Journal: Earth Sciences PDF
Published: 21-Dec-15 Volume: 4 Issue: 6 Pages: 275-279
DOI: 10.11648/j.earth.20150406.19 ISSN: 2328-5974 (Print) 2328-5982 (Online)
Authors: Mahendra Kumar Trivedi, Alice Branton, Dahryn Trivedi, Gopal Nayak, Sambhu Charan Mondal, Snehasis Jana
Citation: Mahendra Kumar Trivedi, Alice Branton, Dahryn Trivedi, Gopal Nayak, Sambhu Charan Mondal, Snehasis Jana. Impact of Biofield Energy Treatment on Soil Fertility. Earth Sciences. Vol. 4, No. 6, 2015, pp. 275-279. doi: 10.11648/j.earth.20150406.19
Abstract
Measurement of soil components such as microbial population, minerals and obviously the content of organic carbon play the important roles for the productivity of crops and plants. The present study was attempted to evaluate the impact of Mr. Trivedi’s biofield energy treatment on soil for its physical (electrical conductivity), chemical (minerals) and microbial flora (bacteria and fungi). A plot of lands was assigned for this study with some already grown plants. This plot was divided into two parts. One part was considered as control, while another part was subjected to Mr. Trivedi’s biofield energy treatment without physically touching and referred as treated. In the treated soil the total bacterial and fungal counts were increased by 546 and 617%, respectively as compared to the untreated soil. Additionally, the conductivity of soil of the treated plot was increased by 79% as compared to the soil of control plot. Apart from microbes, the content of various minerals were also changed in the biofield energy treated soil. The calcium carbonate content showed 2909 ppm in the control, while in the treated soil it was increased to 3943 ppm i.e. 36% increased.
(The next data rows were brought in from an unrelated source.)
lemma total_tableaux_Suc: "total_tableaux (Suc m) = 2 * (m + 1) * total_tableaux m"
proof -
  have "total_tableaux (Suc m) = factor_count 0 m [True] + factor_count 0 m [False]"
    using factor_count_Suc_right[of 0 m "[]"] by (simp add: factor_count_Nil)
  also have "\<dots> = 2 * factor_count (m - m) m [True]"
    by (simp add: factor_count_west_first)
  also have "\<dots> = 2 * ((m + 1) * total_tableaux m)"
    by (simp only: factor_count_south[OF order_refl])
  finally show ?thesis by simp
qed

lemma total_tableaux_pos: "total_tableaux m > 0"
proof (induction m)
  case 0
  then show ?case by (simp add: total_tableaux_def words_0 num_tableaux_Nil)
qed (simp add: total_tableaux_Suc)

lemma typeB_tableaux_eq_Sigma:
  "typeB_tableaux n = Sigma (words n) (\<lambda>w. {Q. is_typeB_tableau w Q})"
  by (auto simp: typeB_tableaux_def words_def)

lemma finite_typeB_tableaux_of: "finite {Q. is_typeB_tableau w Q}"
  unfolding is_typeB_tableau_iff_is_filling by (rule finite_fillings[OF finite_cells_of])

lemma card_typeB_tableaux: "card (typeB_tableaux n) = total_tableaux n"
  unfolding typeB_tableaux_eq_Sigma total_tableaux_def num_tableaux_def
  by (rule card_SigmaI) (simp_all add: finite_words finite_typeB_tableaux_of)

lemma card_typeB_tableaux_south:
  assumes "1 \<le> k" "k \<le> n"
  shows "card {T \<in> typeB_tableaux n. fst T ! (k - 1)} = factor_count (k - 1) (n - k) [True]"
proof -
  have "{T \<in> typeB_tableaux n. fst T ! (k - 1)} =
      Sigma {w \<in> words n. w ! (k - 1)} (\<lambda>w. {Q. is_typeB_tableau w Q})"
    by (auto simp: typeB_tableaux_def words_def)
  then have "card {T \<in> typeB_tableaux n. fst T ! (k - 1)} =
      (\<Sum>w\<in>{w \<in> words n. w ! (k - 1)}. num_tableaux w)"
    unfolding num_tableaux_def
    by (simp add: card_SigmaI finite_words finite_typeB_tableaux_of)
  also have "\<dots> = (\<Sum>w\<in>words n. if w ! (k - 1) then num_tableaux w else 0)"
    by (rule sum.inter_filter[OF finite_words])
  also have "\<dots> = (\<Sum>u\<in>words (k - 1). \<Sum>v\<in>words (Suc (n - k)).
      if (u @ v) ! (k - 1) then num_tableaux (u @ v) else 0)"
    using assms sum_words_add[where a = "k - 1" and b = "Suc (n - k)"] by (simp add: Suc_diff_le)
  also have "\<dots> = (\<Sum>u\<in>words (k - 1). \<Sum>v\<in>words (Suc (n - k)).
      if v ! 0 then num_tableaux (u @ v) else 0)"
    by (intro sum.cong refl) (simp add: words_def nth_append)
  also have "\<dots> = factor_count (k - 1) (n - k) [True]"
    by (simp add: factor_count_def sum_words_Suc)
  finally show ?thesis .
qed

theorem mainTheorem3:
  fixes n k :: nat
  assumes "1 \<le> k" and "k \<le> n"
  shows "prob_S n k = (1 / 2) * (1 - (real k - 1) / real n)"
proof -
  obtain m where n: "n = Suc m" using assms by (cases n) auto
  have "card {T \<in> typeB_tableaux n. fst T ! (k - 1)} = (n - k + 1) * total_tableaux m"
    using card_typeB_tableaux_south[OF assms] factor_count_south[of "n - k" m] assms
    by (simp add: n Suc_diff_le)
  moreover have "card (typeB_tableaux n) = 2 * n * total_tableaux m"
    by (simp add: card_typeB_tableaux n total_tableaux_Suc)
  ultimately have "prob_S n k =
      (real (n - k + 1) * real (total_tableaux m)) / (real (2 * n) * real (total_tableaux m))"
    unfolding prob_S_def by (simp only: of_nat_mult)
  also have "\<dots> = real (n - k + 1) / real (2 * n)"
    using total_tableaux_pos[of m] by simp
  finally show ?thesis
    using assms by (simp add: of_nat_diff field_simps)
qed

end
Various other minerals such as nitrogen and potassium were increased by 12% and 7%, respectively as compared to the control. Besides, the level of some minerals such as potassium, iron, and chloride were decreased by 9%, 23%, and 41%, respectively as compared to the control. Apart from chemical constituents of soil, the content of organic carbon was also reduced by 8% in the treated soil as compared to the control soil. The overall results envisaged that the biofield energy treatment on the soil showed a significant improvement in the physical, chemical, and microbial functions of soil component. Thus, improved the conductance, supportive microbes, minerals and overall productivity of crops. In conclusion, the biofield energy treatment could be used as an alternative way to increase the yield of quality crops by increasing soil fertility.
Conclusion
Based on the study outcome, the biofield energy treated soil showed better characteristics with respect to conductivity, microbial bioburden, and minerals as compared to the control. Moreover, the quality and fertility parameters were also improved in the treated sample. The fungal and bacterial content were increased by 617 and 546% in the treated sample as compared to the control. Besides, the conductivity of soil was increased by 79% in the treated soil with respect to control. The various essential minerals viz. calcium carbonate, nitrogen, and potassium were increased by 36, 12, and 7%, respectively as compared to the control. Additionally, other minerals such as phosphorus, iron, and chloride level were also decreased by 9, 23, and 41%, in the treated soil as compared to the control. Moreover, the content of organic carbon was also changed in the treated soil by 8% as compared to the control. In conclusion, the present investigation demonstrated that Mr. Trivedi’s unique biofield energy treatment could be utilized as an alternate approach along with other existing approach to improve the productivity of crops by increasing the component of soil fertility in the field of agriculture.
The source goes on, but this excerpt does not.